lemma ratio_linearization_tail:
  fixes P :: "nat \<Rightarrow> 'x measure" and S Q :: "nat \<Rightarrow> 'x \<Rightarrow> real" and b :: "nat \<Rightarrow> real"
  assumes P: "\<And>N. N > 0 \<Longrightarrow> prob_space (P N)"
    and S_meas: "\<And>N. N > 0 \<Longrightarrow> S N \<in> borel_measurable (P N)"
    and Q_meas: "\<And>N. N > 0 \<Longrightarrow> Q N \<in> borel_measurable (P N)"
    and S: "exp_concentrated P (\<lambda>N x. S N x / real N) p"
    and Q: "exp_concentrated P (\<lambda>N x. Q N x / real N) k"
    and k: "k > 0" and M: "M \<ge> 0"
    and Q_pos: "\<And>N x. N > 0 \<Longrightarrow> Q N x > 0" and S_le: "\<And>N x. N > 0 \<Longrightarrow> \<bar>S N x\<bar> \<le> M * Q N x"
    and b: "\<And>N. b N > 0" and \<delta>: "\<delta> > 0" and m: "m = p / k"
  obtains C K where "C > 0" "K > 0"
    "\<And>N. N > 0 \<Longrightarrow> measure (P N) {x \<in> space (P N).
        \<delta> < \<bar>sqrt (real N) / b N * (S N x / Q N x - m)
             - 1 / (b N * sqrt (real N) * k) * (S N x - m * Q N x)\<bar>}
      \<le> C * exp (- K * (sqrt (real N) * b N))"
proof -
  obtain C1 c1 where C1: "C1 \<ge> 0" "c1 > 0" and S_tail:
    "\<And>N \<epsilon>. N > 0 \<Longrightarrow> \<epsilon> > 0 \<Longrightarrow> measure (P N) {x \<in> space (P N). \<epsilon> \<le> \<bar>S N x / real N - p\<bar>}
       \<le> C1 * exp (- c1 * (real N * \<epsilon>\<^sup>2))"
    using S unfolding exp_concentrated_def by blast
  obtain C2 c2 where C2: "C2 \<ge> 0" "c2 > 0" and Q_tail:
    "\<And>N \<epsilon>. N > 0 \<Longrightarrow> \<epsilon> > 0 \<Longrightarrow> measure (P N) {x \<in> space (P N). \<epsilon> \<le> \<bar>Q N x / real N - k\<bar>}
       \<le> C2 * exp (- c2 * (real N * \<epsilon>\<^sup>2))"
    using Q unfolding exp_concentrated_def by blast
  define d where "d = \<delta> * k\<^sup>2 / (1 + M)"
  define K where "K = min c1 c2 * d"
  have d: "d > 0" using \<delta> k M by (simp add: d_def)
  have tail: "measure (P N) {x \<in> space (P N).
        \<delta> < \<bar>sqrt (real N) / b N * (S N x / Q N x - m)
             - 1 / (b N * sqrt (real N) * k) * (S N x - m * Q N x)\<bar>}
      \<le> (C1 + C2 + 1) * exp (- K * (sqrt (real N) * b N))" if N: "N > 0" for N
  proof -
    interpret prob_space "P N" by (rule P[OF N])
    \<comment> \<open>chosen so that the bound of ratio_linearization_deviation_le is delta\<close>
    define \<eta> where "\<eta> = sqrt (d * b N / sqrt N)"
    have \<eta>: "\<eta> > 0" "\<eta>\<^sup>2 = d * b N / sqrt N"
      using d b[of N] N by (auto simp: \<eta>_def)
    have error_le: "sqrt N / b N * ((1 + M) * \<eta>\<^sup>2 / k\<^sup>2) = \<delta>"
      using N b[of N] k M by (simp add: \<eta>(2) d_def)
    have rate: "exp (- c * (d * (sqrt N * b N))) \<le> exp (- K * (sqrt N * b N))" if "min c1 c2 \<le> c" for c
      using mult_right_mono[OF that, of "d * (sqrt N * b N)"] d b[of N] by (simp add: K_def mult.assoc)
    have "measure (P N) {x \<in> space (P N). \<delta> < \<bar>sqrt N / b N * (S N x / Q N x - m)
             - 1 / (b N * sqrt N * k) * (S N x - m * Q N x)\<bar>}
        \<le> prob {x \<in> space (P N). \<eta> \<le> \<bar>S N x / N - p\<bar>} + prob {x \<in> space (P N). \<eta> \<le> \<bar>Q N x / N - k\<bar>}"
      using ratio_linearization_deviation_le[OF S_meas[OF N] Q_meas[OF N] N k M b[of N] Q_pos[OF N] S_le[OF N],
          where p = p and \<eta> = \<eta>]
      unfolding error_le m[symmetric] .
    also have "\<dots> \<le> C1 * exp (- c1 * (real N * \<eta>\<^sup>2)) + C2 * exp (- c2 * (real N * \<eta>\<^sup>2))"
      by (intro add_mono S_tail Q_tail N \<eta>(1))
    also have "real N * \<eta>\<^sup>2 = d * (sqrt N * b N)"
    proof -
      have "real N * \<eta>\<^sup>2 = real N / sqrt N * (d * b N)" by (simp add: \<eta>(2))
      then show ?thesis by (simp add: real_div_sqrt)
    qed
    also have "C1 * exp (- c1 * (d * (sqrt N * b N))) + C2 * exp (- c2 * (d * (sqrt N * b N)))
        \<le> C1 * exp (- K * (sqrt N * b N)) + C2 * exp (- K * (sqrt N * b N))"
      using C1 C2 by (intro add_mono mult_left_mono rate) auto
    also have "\<dots> \<le> (C1 + C2 + 1) * exp (- K * (sqrt N * b N))"
      by (simp add: distrib_right)
    finally show ?thesis .
  qed
  show ?thesis
    by (rule that[OF _ _ tail]) (use C1 C2 d in \<open>auto simp: K_def\<close>)
qed

lemma limsup_eln_div_sq_eq_minf:
  fixes P :: "nat \<Rightarrow> real" and b :: "nat \<Rightarrow> real"
  assumes b_pos: "\<And>N. b N > 0"
    and b_lim: "filterlim b at_top sequentially"
    and ratio_lim: "filterlim (\<lambda>N. sqrt (real N) / b N) at_top sequentially"
    and C: "C > 0" and K: "K > 0"
    and bound: "\<And>N. N > 0 \<Longrightarrow> P N \<le> C * exp (- K * (sqrt (real N) * b N))"
  shows "limsup (\<lambda>N. eln (P N) / ereal ((b N)\<^sup>2)) = -\<infinity>"
proof -
  define g where "g N = ln C / (b N)\<^sup>2 - K * (sqrt (real N) / b N)" for N
  have le: "eventually (\<lambda>N. eln (P N) / ereal ((b N)\<^sup>2) \<le> ereal (g N)) sequentially"
    using eventually_gt_at_top[of 0]
  proof eventually_elim
    case (elim N)
    have b2: "(b N)\<^sup>2 > 0" using b_pos[of N] by simp
    show ?case
    proof (cases "P N > 0")
      case False
      then show ?thesis using b2 by (simp add: eln_def divide_ereal_def)
    next
      case True
      have "ln (P N) \<le> ln (C * exp (- K * (sqrt (real N) * b N)))"
        using True bound[OF elim] by (subst ln_le_cancel_iff) auto
      also have "\<dots> = ln C - K * (sqrt (real N) * b N)" using C by (simp add: ln_mult)
      finally have "ln (P N) / (b N)\<^sup>2 \<le> (ln C - K * (sqrt (real N) * b N)) / (b N)\<^sup>2"
        using b2 by (intro divide_right_mono) auto
      also have "\<dots> = g N" unfolding g_def using b_pos[of N] by (simp add: field_simps power2_eq_square)
      finally show ?thesis using True b2 by (simp add: eln_def)
    qed
  qed
  have "filterlim g at_bot sequentially"
  proof -
    have vanishing: "(\<lambda>N. ln C / (b N)\<^sup>2) \<longlonglongrightarrow> 0"
      by (intro tendsto_divide_0[OF tendsto_const] filterlim_at_top_imp_at_infinity
          filterlim_pow_at_top[OF _ b_lim]) simp
    have diverging: "filterlim (\<lambda>N. K * (sqrt (real N) / b N)) at_top sequentially"
      by (rule filterlim_tendsto_pos_mult_at_top[OF tendsto_const K ratio_lim])
    have "filterlim (\<lambda>N. - (ln C / (b N)\<^sup>2) + K * (sqrt (real N) / b N)) at_top sequentially"
      by (rule filterlim_tendsto_add_at_top[OF tendsto_minus[OF vanishing] diverging])
    then show ?thesis unfolding filterlim_uminus_at_bot g_def by simp
  qed
  then have "((\<lambda>N. ereal (g N)) \<longlongrightarrow> -\<infinity>) sequentially"
    using ereal_tendsto_simps2(3)[of g sequentially] by (simp add: comp_def)
  then have "limsup (\<lambda>N. ereal (g N)) = -\<infinity>"
    by (intro lim_imp_Limsup) simp_all
  then show ?thesis
    using Limsup_mono[OF le] by simp
qed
════
Task: The output consists solely of the lines from the line that contains "then show ?thesis unfolding" through the final line of the data.

Answer box:
    then show ?thesis unfolding filterlim_uminus_at_bot g_def by simp
  qed
  then have "((\<lambda>N. ereal (g N)) \<longlongrightarrow> -\<infinity>) sequentially"
    using ereal_tendsto_simps2(3)[of g sequentially] by (simp add: comp_def)
  then have "limsup (\<lambda>N. ereal (g N)) = -\<infinity>"
    by (intro lim_imp_Limsup) simp_all
  then show ?thesis
    using Limsup_mono[OF le] by simp
qed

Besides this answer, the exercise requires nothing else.